lemma diffop_top_coeffs_transform:
  assumes f: "diffeo_lift f" and k: "k = Suc (Suc K)"
    and H: "\<forall>\<phi>. smooth_per \<phi> \<longrightarrow>
           diffop k b \<phi> = rho_dens m (inv f) (diffop k a (rho_dens l f \<phi>))"
  defines "w \<equiv> l - m + of_nat k - 2" and "u \<equiv> deriv_ratio f 2" and "t \<equiv> deriv_ratio f 3"
  shows "b k y = deriv_powr f (w + 1 + 1) (inv f y) * a k (inv f y)"
    and "b (Suc K) y = deriv_powr f (w + 1) (inv f y) *
           (a (Suc K) (inv f y) + subdiag1_coeff l (of_nat k - 1) * u (inv f y) * a k (inv f y))"
    and "b K y = deriv_powr f w (inv f y) *
           (a K (inv f y) + subdiag1_coeff l (of_nat k - 2) * u (inv f y) * a (Suc K) (inv f y)
            + (subdiag2_coeff_t l (of_nat k - 2) * t (inv f y)
               + subdiag2_coeff_u l (of_nat k - 2) * (u (inv f y))\<^sup>2) * a k (inv f y))"
proof -
  define x where "x = inv f y"
  have nus: "of_nat K + 1 = (of_nat k - 1 :: complex)" "of_nat K = (of_nat k - 2 :: complex)"
    by (simp_all add: k)
  have bk: "b k y = (deriv_powr f (- m) x * deriv_powr f (l + of_nat k) x) * a k x"
    using diffop_coeff_transform_upper[OF f order_refl H]
    by (simp add: x_def deriv_coeff_diag[OF f] del: deriv_coeff.simps)
  have e2: "- m + (l + of_nat k) = w + 1 + 1"
    by (simp add: w_def)
  from bk show "b k y = deriv_powr f (w + 1 + 1) (inv f y) * a k (inv f y)"
    unfolding deriv_powr_mult_eq[OF e2] x_def .
  have bk1: "b (Suc K) y = (deriv_powr f (- m) x * deriv_powr f (l + of_nat (Suc K)) x) *
           (a (Suc K) x + subdiag1_coeff l (of_nat K + 1) * u x * a k x)"
    using diffop_coeff_transform_upper[OF f _ H, of "Suc K"] k
    by (simp add: x_def u_def deriv_coeff_diag[OF f] deriv_coeff_Suc_diag[OF f] algebra_simps
        del: deriv_coeff.simps)
  have e1: "- m + (l + of_nat (Suc K)) = w + 1"
    by (simp add: w_def k)
  from bk1 show "b (Suc K) y = deriv_powr f (w + 1) (inv f y) *
           (a (Suc K) (inv f y) + subdiag1_coeff l (of_nat k - 1) * u (inv f y) * a k (inv f y))"
    unfolding deriv_powr_mult_eq[OF e1] unfolding x_def nus(1) .
  have bk2: "b K y = (deriv_powr f (- m) x * deriv_powr f (l + of_nat K) x) *
           (a K x + subdiag1_coeff l (of_nat K) * u x * a (Suc K) x
            + (subdiag2_coeff_t l (of_nat K) * t x
               + subdiag2_coeff_u l (of_nat K) * (u x)\<^sup>2) * a k x)"
    using diffop_coeff_transform_upper[OF f _ H, of K] k
    by (simp add: x_def u_def t_def deriv_coeff_diag[OF f] deriv_coeff_Suc_diag[OF f] deriv_coeff_Suc_Suc_diag[OF f]
        algebra_simps del: deriv_coeff.simps)
  have e0: "- m + (l + of_nat K) = w"
    by (simp add: w_def k)
  from bk2 show "b K y = deriv_powr f w (inv f y) *
           (a K (inv f y) + subdiag1_coeff l (of_nat k - 2) * u (inv f y) * a (Suc K) (inv f y)
            + (subdiag2_coeff_t l (of_nat k - 2) * t (inv f y)
               + subdiag2_coeff_u l (of_nat k - 2) * (u (inv f y))\<^sup>2) * a k (inv f y))"
    unfolding deriv_powr_mult_eq[OF e0] unfolding x_def nus(2) .
qed

lemma Dv_deriv_powr_mult_comp_inv:
  assumes f: "diffeo_lift f" and g: "\<And>x. (g has_vector_derivative g' x) (at x)"
  shows "Dv (\<lambda>y. deriv_powr f (w + 1) (inv f y) * g (inv f y))
       = (\<lambda>y. deriv_powr f w (inv f y) * ((w + 1) * deriv_ratio f 2 (inv f y) * g (inv f y) + g' (inv f y)))"
proof
  fix y
  define x where "x = inv f y"
  let ?h = "(w + 1) * deriv_ratio f 2 x * g x + g' x"
  have "(inv f has_vector_derivative 1 / deriv f x) (at y)"
    using diffeo_lift_inv_has_deriv[OF f] by (simp add: x_def has_real_derivative_iff_has_vector_derivative)
  moreover have "((\<lambda>x. deriv_powr f (w + 1) x * g x) has_vector_derivative
      of_real (deriv f x) * (deriv_powr f w x * ?h)) (at (inv f y))"
    using has_vector_derivative_mult[OF deriv_powr_has_vector_derivative[OF f] g, of "w + 1" x]
    unfolding x_def[symmetric]
    by (rule has_vector_derivative_eq_rhs)
      (simp only: deriv_mult_deriv_powr[OF f, symmetric], simp add: algebra_simps)
  ultimately have "((\<lambda>y. deriv_powr f (w + 1) (inv f y) * g (inv f y)) has_vector_derivative
      deriv_powr f w x * ?h) (at y)"
    using vector_diff_chain_at diffeo_lift_deriv_pos[OF f, of x]
    by (fastforce simp: o_def scaleR_conv_of_real)
  then show "Dv (\<lambda>y. deriv_powr f (w + 1) (inv f y) * g (inv f y)) y
      = deriv_powr f w (inv f y) * ((w + 1) * deriv_ratio f 2 (inv f y) * g (inv f y) + g' (inv f y))"
    unfolding x_def by (rule Dv_eqI)
qed

lemma Dv_Dv_deriv_powr_mult_comp_inv:
  assumes f: "diffeo_lift f" and g: "smooth_per g"
  defines "u \<equiv> deriv_ratio f 2" and "t \<equiv> deriv_ratio f 3"
  shows "Dv (Dv (\<lambda>y. deriv_powr f (w + 1 + 1) (inv f y) * g (inv f y)))
       = (\<lambda>y. deriv_powr f w (inv f y) *
           ((w + 1) * u (inv f y) * ((w + 1 + 1) * u (inv f y) * g (inv f y) + Dv g (inv f y))
            + ((w + 1 + 1) * (t (inv f y) - (u (inv f y))\<^sup>2) * g (inv f y)
               + (w + 1 + 1) * u (inv f y) * Dv g (inv f y) + Dv (Dv g) (inv f y))))"
proof -
  have dg: "(g has_vector_derivative Dv g x) (at x)" and ddg: "(Dv g has_vector_derivative Dv (Dv g) x) (at x)" for x
    using smooth_per_has_vector_derivative[OF g, of 0 x] smooth_per_has_vector_derivative[OF g, of 1 x] by simp_all
  have "((\<lambda>x. (w + 1 + 1) * u x * g x + Dv g x) has_vector_derivative
      (w + 1 + 1) * (t x - (u x)\<^sup>2) * g x + (w + 1 + 1) * u x * Dv g x + Dv (Dv g) x) (at x)" for x
    unfolding u_def t_def
    by (rule has_vector_derivative_eq_rhs)
      (rule derivative_eq_intros deriv_ratio_has_vector_derivative[OF f] dg ddg refl
       | simp add: algebra_simps power2_eq_square)+
  then show ?thesis
    unfolding Dv_deriv_powr_mult_comp_inv[OF f dg] u_def by (rule Dv_deriv_powr_mult_comp_inv[OF f])
qed

lemma Dv_deriv_powr_mult_comp_inv_add:
  assumes f: "diffeo_lift f" and g: "smooth_per g" and h: "smooth_per h"
  defines "u \<equiv> deriv_ratio f 2" and "t \<equiv> deriv_ratio f 3"
  shows "Dv (\<lambda>y. deriv_powr f (w + 1) (inv f y) * (g (inv f y) + c * u (inv f y) * h (inv f y)))
       = (\<lambda>y. deriv_powr f w (inv f y) *
           ((w + 1) * u (inv f y) * (g (inv f y) + c * u (inv f y) * h (inv f y))
            + (Dv g (inv f y) + c * ((t (inv f y) - (u (inv f y))\<^sup>2) * h (inv f y) + u (inv f y) * Dv h (inv f y)))))"
proof -
  have dg: "(g has_vector_derivative Dv g x) (at x)" and dh: "(h has_vector_derivative Dv h x) (at x)" for x
    using smooth_per_has_vector_derivative[OF g, of 0 x] smooth_per_has_vector_derivative[OF h, of 0 x]
    by simp_all
  have "((\<lambda>x. g x + c * u x * h x) has_vector_derivative
      Dv g x + c * ((t x - (u x)\<^sup>2) * h x + u x * Dv h x)) (at x)" for x
    unfolding u_def t_def
    by (rule has_vector_derivative_eq_rhs)
      (rule derivative_eq_intros deriv_ratio_has_vector_derivative[OF f] dg dh refl
       | simp add: algebra_simps power2_eq_square)+
  then show ?thesis
    unfolding u_def t_def by (rule Dv_deriv_powr_mult_comp_inv[OF f])
qed

definition W_alpha2 :: "complex \<Rightarrow> complex \<Rightarrow> complex" where
  "W_alpha2 l \<kappa> = 2/3 * \<kappa> * (\<kappa> - 1) * (\<kappa> + 3*l - 2)^2"

definition W_alpha1 :: "complex \<Rightarrow> complex \<Rightarrow> complex" where
  "W_alpha1 l \<kappa> = 2 * (\<kappa> - 1) * (\<kappa> + 3*l - 2) * (2 - 2*l - \<kappa>)"

definition W_alpha0 :: "complex \<Rightarrow> complex \<Rightarrow> complex" where
  "W_alpha0 l \<kappa> = 3*\<kappa>^2 + 12*l*\<kappa> + 12*l^2 - 11*\<kappa> - 24*l + 10"

lemma W_alpha_relations:
  fixes l m \<kappa> :: complex
  assumes cond: "(l + (\<kappa> - 2) / 3) * (m - (\<kappa> + 1) / 3) + (\<kappa> + 1) * (\<kappa> - 2) / 36 = 0"
    (is "?c = 0")
  defines "w \<equiv> l - m + \<kappa> - 2"
  shows "W_alpha2 l \<kappa> * (2 * w + 3) + W_alpha1 l \<kappa> * subdiag1_coeff l (\<kappa> - 1) = 0"
      (is "?E1 = 0")
    and "W_alpha1 l \<kappa> * (w + 1) + W_alpha0 l \<kappa> * subdiag1_coeff l (\<kappa> - 2) = 0"
      (is "?E2 = 0")
    and "W_alpha2 l \<kappa> * (w + 2) + W_alpha1 l \<kappa> * subdiag1_coeff l (\<kappa> - 1)
         + W_alpha0 l \<kappa> * subdiag2_coeff_t l (\<kappa> - 2) = 0"
      (is "?E3 = 0")
    and "W_alpha2 l \<kappa> * w * (w + 2) + W_alpha1 l \<kappa> * w * subdiag1_coeff l (\<kappa> - 1)
         + W_alpha0 l \<kappa> * subdiag2_coeff_u l (\<kappa> - 2) = 0"
      (is "?E4 = 0")
proof -
  have "?E1 = - 4 * \<kappa> * (\<kappa> - 1) * (\<kappa> - 2 + 3 * l) * ?c"
    unfolding w_def W_alpha2_def W_alpha1_def subdiag1_coeff_def
    by (simp add: field_simps) (simp add: algebra_simps power2_eq_square)
  then show "?E1 = 0"
    by (simp add: cond)
  have "?E2 = 6 * (\<kappa> - 1) * (\<kappa> - 2 + 2 * l) * ?c"
    unfolding w_def W_alpha1_def W_alpha0_def subdiag1_coeff_def
    by (simp add: field_simps) (simp add: algebra_simps power2_eq_square)
  then show "?E2 = 0"
    by (simp add: cond)
  have "?E3 = - 2 * \<kappa> * (\<kappa> - 1) * (\<kappa> - 2 + 3 * l) * ?c"
    unfolding w_def W_alpha2_def W_alpha1_def W_alpha0_def subdiag1_coeff_def subdiag2_coeff_t_def
    by (simp add: field_simps) (simp add: algebra_simps power2_eq_square)
  then show "?E3 = 0"
    by (simp add: cond)
  have "?E4 = \<kappa> * (\<kappa> - 1) * (2 * (m - l) * (\<kappa> - 2) + 6 * l * m - (\<kappa> - 2) * (\<kappa> - 3) / 2) * ?c"
    unfolding w_def W_alpha2_def W_alpha1_def W_alpha0_def subdiag1_coeff_def subdiag2_coeff_u_def
    by (simp add: field_simps) (simp add: algebra_simps power2_eq_square)
  then show "?E4 = 0"
    by (simp add: cond)
qed

lemma W_transform_identity:
  fixes l m \<kappa> u t A A' A'' B B' C :: complex
  assumes cond: "(l + (\<kappa> - 2) / 3) * (m - (\<kappa> + 1) / 3) + (\<kappa> + 1) * (\<kappa> - 2) / 36 = 0"
  defines "w \<equiv> l - m + \<kappa> - 2"
  shows "W_alpha2 l \<kappa> * ((w + 1) * u * ((w + 1 + 1) * u * A + A')
            + ((w + 1 + 1) * (t - u\<^sup>2) * A + (w + 1 + 1) * u * A' + A''))
       + W_alpha1 l \<kappa> * ((w + 1) * u * (B + subdiag1_coeff l (\<kappa> - 1) * u * A)
            + (B' + subdiag1_coeff l (\<kappa> - 1) * ((t - u\<^sup>2) * A + u * A')))
       + W_alpha0 l \<kappa> * (C + subdiag1_coeff l (\<kappa> - 2) * u * B
            + (subdiag2_coeff_t l (\<kappa> - 2) * t + subdiag2_coeff_u l (\<kappa> - 2) * u\<^sup>2) * A)
     = W_alpha2 l \<kappa> * A'' + W_alpha1 l \<kappa> * B' + W_alpha0 l \<kappa> * C"
    (is "?L = ?R")
proof -
  have "?L - ?R
     = u * A' * (W_alpha2 l \<kappa> * (2 * w + 3) + W_alpha1 l \<kappa> * subdiag1_coeff l (\<kappa> - 1))
       + u * B * (W_alpha1 l \<kappa> * (w + 1) + W_alpha0 l \<kappa> * subdiag1_coeff l (\<kappa> - 2))
       + t * A * (W_alpha2 l \<kappa> * (w + 2) + W_alpha1 l \<kappa> * subdiag1_coeff l (\<kappa> - 1)
                  + W_alpha0 l \<kappa> * subdiag2_coeff_t l (\<kappa> - 2))
       + u\<^sup>2 * A * (W_alpha2 l \<kappa> * w * (w + 2) + W_alpha1 l \<kappa> * w * subdiag1_coeff l (\<kappa> - 1)
                  + W_alpha0 l \<kappa> * subdiag2_coeff_u l (\<kappa> - 2))"
    by (simp add: algebra_simps power2_eq_square)
  then show ?thesis
    by (simp add: W_alpha_relations[OF cond, folded w_def])
qed

lemma Wop_eq:
  "Wop k l m a x = W_alpha2 l (of_nat k) * Dv (Dv (a k)) x + W_alpha1 l (of_nat k) * Dv (a (k - 1)) x
     + W_alpha0 l (of_nat k) * a (k - 2) x"
  by (simp add: Wop_def W_alpha2_def W_alpha1_def W_alpha0_def Let_def)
---
Required work: Return the number of lines in the material holding the string "where", and no other text.

Exercise result: 5